An important question is why population remains a “taboo” for many of us, and on this, I am not sure if the essay gives a full answer. One reason obviously is the problematic uses to which claims of overpopulation have been put in the past, which Lowe acknowledges, and the uneasiness among many of us to be bedfellows with the “carrying capacity network” crowd that wants immigrants out and thinks that our boats have already too many castaways in them and we better leave the ones out to drown. One may argue, as Lowe does in this essay, that this association between concerns for population and racism or xenophobia is coincidental and not necessary and that one could develop an empowering and progressive narrative around questions of population. Still, there is something intrinsically problematic, I fear, in thinking of humans as a number of bodies, which lends itself easily to a “bird’s eye view” of human affairs and a state perspective of people as numbers that need to be governed and managed (increased or decreased). This approach to “population” does not sit easily with goals of social justice, unless we develop a more nuanced and careful language than that of IPAT, with its back-of-the envelope calculations.

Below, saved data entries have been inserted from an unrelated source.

lemma step_less_first_visit:
  assumes "first_visit p"
  shows "path p - path (p - 1) < int n"
proof -
  obtain t where t: "p = Suc t" "t < m" using assms unfolding first_visit_def by (cases p) auto
  have "path p \<le> path t + int n"
    using target_first_visit[OF assms] target_Suc prefix_prod_le[of "Suc t" "path t"]
      path_Suc_mod_ne t by simp
  moreover have "path p \<noteq> path t + int n"
  proof
    assume "path p = path t + int n"
    then have "path p mod int n = path t mod int n" by simp
    then show False using path_Suc_mod_ne[OF t(2)] t(1) by metis
  qed
  ultimately show ?thesis using t by simp
qed

lemma target_revisit:
  assumes "s < p" "p \<le> m" "path s mod int n = path p mod int n"
    and "\<And>t. s < t \<Longrightarrow> t < p \<Longrightarrow> path t mod int n \<noteq> path p mod int n"
  shows "target p = target (Suc s) + (path p - path s)"
proof -
  have "Suc s \<noteq> p" using assms(1-3) path_Suc_mod_ne[of s] by auto
  then have "Suc s \<le> p - 1" using assms(1) by simp
  then have "prefix_prod rs (p - 1) (path p) = prefix_prod rs (Suc s) (path p)"
  proof (rule prefix_prod_fixes_unvisited)
    show "p - 1 \<le> m" using assms by simp
    show "path p mod int n \<noteq> path i mod int n" if "Suc s \<le> i" "i \<le> p - 1" for i
    proof -
      have "i < p" using assms(1) that by linarith
      then show ?thesis using assms(4)[of i] that by auto
    qed
  qed
  then have "target p = prefix_prod rs (Suc s) (path p)" by (simp add: target_def)
  also have "\<dots> = prefix_prod rs s (path (Suc s) + (path p - path s))"
  proof -
    have "(rs ! s) (path p) = path (Suc s) + (path p - path s)"
      using assms rs_nth[of s] refl_aff_apply_left[of "path p" n "path s" "path (Suc s)"] by simp
    then show ?thesis using assms prefix_prod_Suc_rs[of s] by simp
  qed
  also have "\<dots> = target (Suc s) + (path p - path s)"
  proof -
    obtain c where "path p = path s + int n * c" using assms(3) by (rule mod_eqE)
    then show ?thesis
      using periodic_perm_shift[OF periodic_perm_prefix_prod[of s], of "path (Suc s)" c]
      by (simp add: target_def mult.commute)
  qed
  finally show ?thesis .
qed
(* Let $X$ be a non-degenerate real-valued random variable with density $f_X$, CDF $F_X$, survival function $S_X=1-F_X$ and finite second moment. Let $h_X(x)=f_X(x)/S_X(x)$ (hazard rate) and $r_X(x)=f_X(x)/F_X(x)$ (reverse hazard rate). If $h_X$ is decreasing or $r_X$ is increasing, then \[ \mathrm{SD}[X]\ge \mathrm{GMD}[X], \] where $\mathrm{SD}[X]=\sqrt{\mathbb{E}[(X-\mathbb{E}X)^2]}=\sqrt{\tfrac12\mathbb{E}[(X-X')^2]}$ and $\mathrm{GMD}[X]=\mathbb{E}|X-X'|$, with $X'$ an independent copy of $X$.
   Context: "Increasing" and "decreasing" are meant in the non-strict sense, and monotonicity is required on the support of the function (almost surely). *)

theory Defs
  imports "HOL-Probability.Probability"
begin

definition cdf_of :: "'a measure \<Rightarrow> ('a \<Rightarrow> real) \<Rightarrow> real \<Rightarrow> real" where
  "cdf_of M X x = measure M {\<omega> \<in> space M. X \<omega> \<le> x}"

definition hazard_rate :: "'a measure \<Rightarrow> ('a \<Rightarrow> real) \<Rightarrow> (real \<Rightarrow> real) \<Rightarrow> real \<Rightarrow> real" where
  "hazard_rate M X f x = f x / (1 - cdf_of M X x)"

definition rev_hazard_rate :: "'a measure \<Rightarrow> ('a \<Rightarrow> real) \<Rightarrow> (real \<Rightarrow> real) \<Rightarrow> real \<Rightarrow> real" where
  "rev_hazard_rate M X f x = f x / cdf_of M X x"

text \<open>Support region: points where 0 < F < 1 (interior of the convex hull of the support).\<close>
definition supp_region :: "'a measure \<Rightarrow> ('a \<Rightarrow> real) \<Rightarrow> real set" where
  "supp_region M X = {x. 0 < cdf_of M X x \<and> cdf_of M X x < 1}"

definition ae_mono_on :: "real set \<Rightarrow> (real \<Rightarrow> real) \<Rightarrow> bool" where
  "ae_mono_on A g \<longleftrightarrow> (\<exists>N \<in> null_sets lborel. \<forall>x \<in> A - N. \<forall>y \<in> A - N. x \<le> y \<longrightarrow> g x \<le> g y)"

definition ae_antimono_on :: "real set \<Rightarrow> (real \<Rightarrow> real) \<Rightarrow> bool" where
  "ae_antimono_on A g \<longleftrightarrow> (\<exists>N \<in> null_sets lborel. \<forall>x \<in> A - N. \<forall>y \<in> A - N. x \<le> y \<longrightarrow> g y \<le> g x)"

end

theory Submission
  imports Defs
begin

(* Write S x = P(X > x) and use the stop-loss transforms pi x = E (X - x)^+ and
   pi2 x = E ((X - x)^+)^2 / 2, so that pi is the integral of S over [x, oo) and pi2 the
   integral of pi.  By symmetry E|X - X'| = 2 E pi(X) and Var X = 2 E pi2(X).
   A decreasing hazard rate f / S makes the mean residual life pi / S increasing, and
   integrating this over [x, oo) gives pi x ^ 2 <= S x * pi2 x.  Hence 2 c pi <= c^2 S + pi2
   for every c; taking expectations with E S(X) <= 1/2 and choosing c = GMD yields
   GMD^2 <= Var X.  An increasing reverse hazard rate of X is a decreasing hazard rate of -X. *)

lemma two_mult_le_of_sq_le:
  fixes a s p c :: real
  assumes "a * a \<le> s * p" "0 \<le> s" "0 \<le> p"
  shows "2 * c * a \<le> c * c * s + p"
proof (cases "s = 0")
  case True
  with assms have "a = 0"
    by (metis mult_eq_0_iff mult_zero_left order_antisym_conv zero_le_square)
  with True assms show ?thesis by simp
next
  case False
  have "s * (2 * c * a) \<le> (c * s) ^ 2 + a * a"
    using zero_le_power2[of "c * s - a"] by (simp add: power2_eq_square algebra_simps)
  also have "\<dots> \<le> s * (c * c * s + p)"
    using assms(1) by (simp add: power2_eq_square algebra_simps)
  finally show ?thesis
    using False assms(2) by (simp add: mult_le_cancel_left)
qed

lemma ennreal_two_mult_le_of_sq_le:
  fixes a s p c :: ennreal
  assumes "a * a \<le> s * p"
  shows "2 * c * a \<le> c * c * s + p"
proof -
  consider "a = 0 \<or> c = 0" | "p = \<infinity>" | "a \<noteq> 0" "c \<noteq> 0" "c = \<infinity> \<or> s = \<infinity>"
    | "c < \<infinity>" "s < \<infinity>" "p < \<infinity>"
    by (metis infinity_ennreal_def less_top)
  then show ?thesis
  proof cases
    case 1
    then show ?thesis by auto
  next
    case 2
    then show ?thesis by simp
  next
    case 3
    then have "s \<noteq> 0" using assms by (auto simp: le_zero_eq)
    with 3 have "c * c * s = \<infinity>" by (auto simp: ennreal_mult_eq_top_iff)
    then show ?thesis by simp
  next
    case 4
    then have "s * p < \<infinity>" by (simp add: ennreal_mult_less_top)
    with assms have "a * a < \<infinity>" by (rule le_less_trans)
    then have "a < \<infinity>" by (cases "a = 0") (auto simp: ennreal_mult_less_top)
    with 4 obtain a' s' p' c' where
      reals: "a = ennreal a'" "s = ennreal s'" "p = ennreal p'" "c = ennreal c'"
      and nonneg: "0 \<le> a'" "0 \<le> s'" "0 \<le> p'" "0 \<le> c'"
      by (cases a; cases s; cases p; cases c) auto
    have "a' * a' \<le> s' * p'"
      using assms by (simp add: reals nonneg ennreal_mult'[symmetric] ennreal_le_iff)
    then have "2 * c' * a' \<le> c' * c' * s' + p'"
      using nonneg(2,3) by (rule two_mult_le_of_sq_le)
    moreover have "2 * c * a = ennreal (2 * c' * a')"
      using nonneg by (simp add: reals ennreal_mult)
    moreover have "c * c * s + p = ennreal (c' * c' * s' + p')"
      using nonneg by (simp add: reals ennreal_mult ennreal_plus)
    ultimately show ?thesis by (simp add: ennreal_leI)
  qed
qed

lemma AE_measure_greaterThan_pos:
  fixes M :: "real measure"
  assumes "finite_measure M" and sets: "sets M = sets borel" and atomless: "\<And>a. emeasure M {a} = 0"
  shows "AE x in M. 0 < measure M {x<..}"
proof -
  interpret finite_measure M by fact
  define B where "B = {x. measure M {x<..} = 0}"
  have B_upward: "y \<in> B" if "x \<in> B" "x \<le> y" for x y
    using that finite_measure_mono[of "{y<..}" "{x<..}"] measure_nonneg[of M "{y<..}"]
    by (auto simp: B_def sets)
  define Q where "Q = B \<inter> \<rat>"
  have "countable Q"
    unfolding Q_def by (rule countable_subset[OF _ countable_rat]) auto
  have "{Inf B} \<in> null_sets M"
    using atomless by (simp add: null_sets_def sets)
  moreover from \<open>countable Q\<close> have "(\<Union>q\<in>Q. {q<..}) \<in> null_sets M"
    by (rule null_sets_UN') (auto simp: Q_def B_def sets emeasure_eq_measure)
  ultimately have null: "{Inf B} \<union> (\<Union>q\<in>Q. {q<..}) \<in> null_sets M"
    by (rule null_sets.Un)
  have "B \<subseteq> {Inf B} \<union> (\<Union>q\<in>Q. {q<..})"
  proof
    fix v assume "v \<in> B"
    show "v \<in> {Inf B} \<union> (\<Union>q\<in>Q. {q<..})"
    proof (cases "\<exists>w\<in>B. w < v")
      case True
      then obtain w q where "w \<in> B" "q \<in> \<rat>" "w < q" "q < v"
        using Rats_dense_in_real by blast
      then show ?thesis using B_upward by (auto simp: Q_def)
    next
      case False
      with \<open>v \<in> B\<close> have "Inf B = v" by (intro cInf_eq_minimum) (auto simp: not_less)
      then show ?thesis by auto
    qed
  qed
  then show ?thesis
    by (intro AE_I'[OF null]) (auto simp: B_def less_le measure_nonneg)
qed

lemma AE_measure_atMost_pos:
  fixes M :: "real measure"
  assumes "finite_measure M" and sets: "sets M = sets borel" and atomless: "\<And>a. emeasure M {a} = 0"
  shows "AE x in M. 0 < measure M {..x}"
proof -
  interpret finite_measure M by fact
  note sets[measurable_cong]
  let ?R = "distr M borel uminus"
  have "AE y in ?R. 0 < measure ?R {y<..}"
  proof (rule AE_measure_greaterThan_pos)
    show "finite_measure ?R" by (rule finite_measure_distr) simp
    show "emeasure ?R {a} = 0" for a
    proof -
      have "uminus -` {a} = {-a}" by auto
      then show ?thesis by (simp add: emeasure_distr sets atomless)
    qed
  qed simp
  then have "AE x in M. 0 < measure ?R {-x<..}"
    by (rule AE_distrD[rotated]) simp
  moreover have "measure ?R {-x<..} \<le> measure M {..x}" for x
  proof -
    have "uminus -` {-x<..} = {..<x}" by auto
    then have "measure ?R {-x<..} = measure M {..<x}"
      by (simp add: measure_distr sets)
    also have "\<dots> \<le> measure M {..x}"
      by (rule finite_measure_mono) (auto simp: sets)
    finally show ?thesis .
  qed
  ultimately show ?thesis
    by (auto elim: eventually_mono intro: less_le_trans)
qed
(* Assume that $\tilde Y$ is conditionally independent of $X$ given $Y$, and that all classes have positive probability under both $Y$ and $\tilde Y$. Fix any prediction function $\mathcal C$ and let $\hat C(X_{n+1})$ be produced by the standard marginal conformal method applied to the contaminated data $\mathcal D$. Suppose that, almost surely, for all $t\in\mathbb R$ and $k\in[K]$, $$\max_{l\ne k}F^l_k(t)\le F^k_k(t),$$ where $F^l_k(t)=\mathbb P[\hat s(X,l)\le t\mid Y=k,\mathcal D^{\mathrm{train}}]$. Then $\Delta(\hat\tau)\ge0$ almost surely, and hence $\mathbb P[Y_{n+1}\in\hat C(X_{n+1})]\ge1-\alpha$.
   Context: Let $K\ge 2$, $d\ge 1$, $n\ge 2$ be integers and $[m]=\{1,\dots,m\}$. Let $(X_i,Y_i,\tilde Y_i)$, $i\in[n+1]$, be i.i.d. copies of a random triple $(X,Y,\tilde Y)$ with $X\in\mathbb R^d$, true (unobserved) label $Y\in[K]$ and observed, possibly contaminated, label $\tilde Y\in[K]$. The observed data are $\mathcal D=\{(X_i,\tilde Y_i)\}_{i\in[n]}$; $X_{n+1}$ is a test feature vector with unknown label $Y_{n+1}$. The index set $[n]$ is split, independently of all data, into disjoint nonempty sets $\mathcal D^{\mathrm{train}}$ and $\mathcal D^{\mathrm{cal}}$ (a fixed split; $n_{\mathrm{cal}}=|\mathcal D^{\mathrm{cal}}|$), and a classifier $\hat\pi$ is fitted using only the observations indexed by $\mathcal D^{\mathrm{train}}$. A prediction function is a map $\mathcal C$ (which may depend on $\hat\pi$) assigning to each $x\in\mathbb R^d$ and $\tau=(\tau_1,\dots,\tau_K)\in[0,1]^K$ a set $\mathcal C(x,\tau)\subseteq[K]$ such that: $\mathcal C(x,\tau)$ is nondecreasing (for inclusion) in each coordinate of $\tau$; whether $k\in\mathcal C(x,\tau)$ depends on $\tau$ only through $\tau_k$; and $k\in\mathcal C(x,\tau)$ whenever $\tau_k=1$. The associated conformity score is $\hat s(x,k)=\inf\{\tau_k\in[0,1]: k\in\mathcal C(x,\tau)\}$, and it is understood that $k\in\mathcal C(x,\tau)$ if and only if $\hat s(x,k)\le\tau_k$. Let $\alpha\in(0,1)$. Probabilities and expectations are over all data (not conditioned on class counts). Let $F(t)=\mathbb P[\hat s(X,Y)\le t\mid\mathcal D^{\mathrm{train}}]$ and $\tilde F(t)=\mathbb P[\hat s(X,\tilde Y)\le t\mid\mathcal D^{\mathrm{train}}]$ for a fresh independent copy $(X,Y,\tilde Y)$, and the marginal coverage inflation factor $\Delta(t)=F(t)-\tilde F(t)$. Standard marginal conformal method: $\hat\tau$ is the $\lceil(1+n_{\mathrm{cal}})(1-\alpha)\rceil$-th smallest value in $\{\hat s(X_i,\tilde Y_i):i\in\mathcal D^{\mathrm{cal}}\}$ (with $\hat\tau=1$ if this index exceeds $n_{\mathrm{cal}}$), and $\hat C(X_{n+1})=\mathcal C(X_{n+1},(\hat\tau,\dots,\hat\tau))$. *)

theory Defs
  imports "HOL-Probability.Probability" "HOL-Library.Multiset"
begin

text \<open>Threshold vectors tau in [0,1]^K, represented as functions nat => real
  (only the coordinates 1..K are constrained).\<close>
definition tau_cube :: "nat \<Rightarrow> (nat \<Rightarrow> real) set" where
  "tau_cube K = {\<tau>. \<forall>i\<in>{1..K}. \<tau> i \<in> {0..1}}"

definition score :: "nat \<Rightarrow> ('x \<Rightarrow> (nat \<Rightarrow> real) \<Rightarrow> nat set) \<Rightarrow> 'x \<Rightarrow> nat \<Rightarrow> real" where
  "score K C x k = Inf {\<tau> k | \<tau>. \<tau> \<in> tau_cube K \<and> k \<in> C x \<tau>}"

If one were to develop a more egalitarian and emancipatory narrative around issues of what we now call “population,” then feminism and movements for birth control could be a good starting point. I saw little in this direction in the essay, and I wonder why (for those interested, in my book Limits, and following the clues from Joan Martinez-Alier, I have a short section on the birth control activism of Emma Goldman and other anarchofeminists at the turn of the twentieth century in the US, which presented a very different logic and starting point than that of the dominant narratives about population today).
In fact, what I missed in the essay the most were specifics. What forms of family planning precisely? How is population to be controlled in a non-intrusive way—with what policy measures, with what voluntary initiatives? What has worked well, and what not? Why and how would fathers and mothers in the Global North be convinced to have one child? What policies do Global South countries themselves consider? What demands are coming from social or feminist movements in the Global South or North that speak to these questions?
Without such specifics, I am afraid that a general discussion about “over”-population risks always the danger of turning into a game of othering, even under the best of intentions. Those of us who stand for degrowth have developed our discourse beyond a critique of limitless growth to a positive agenda with specific proposals for political, institutional and everyday changes. Our proposals remain speculative, but at least their specificity makes it harder to end up with strange bedfellows. Those who call for egalitarian and progressive paths of population decrease must do the same.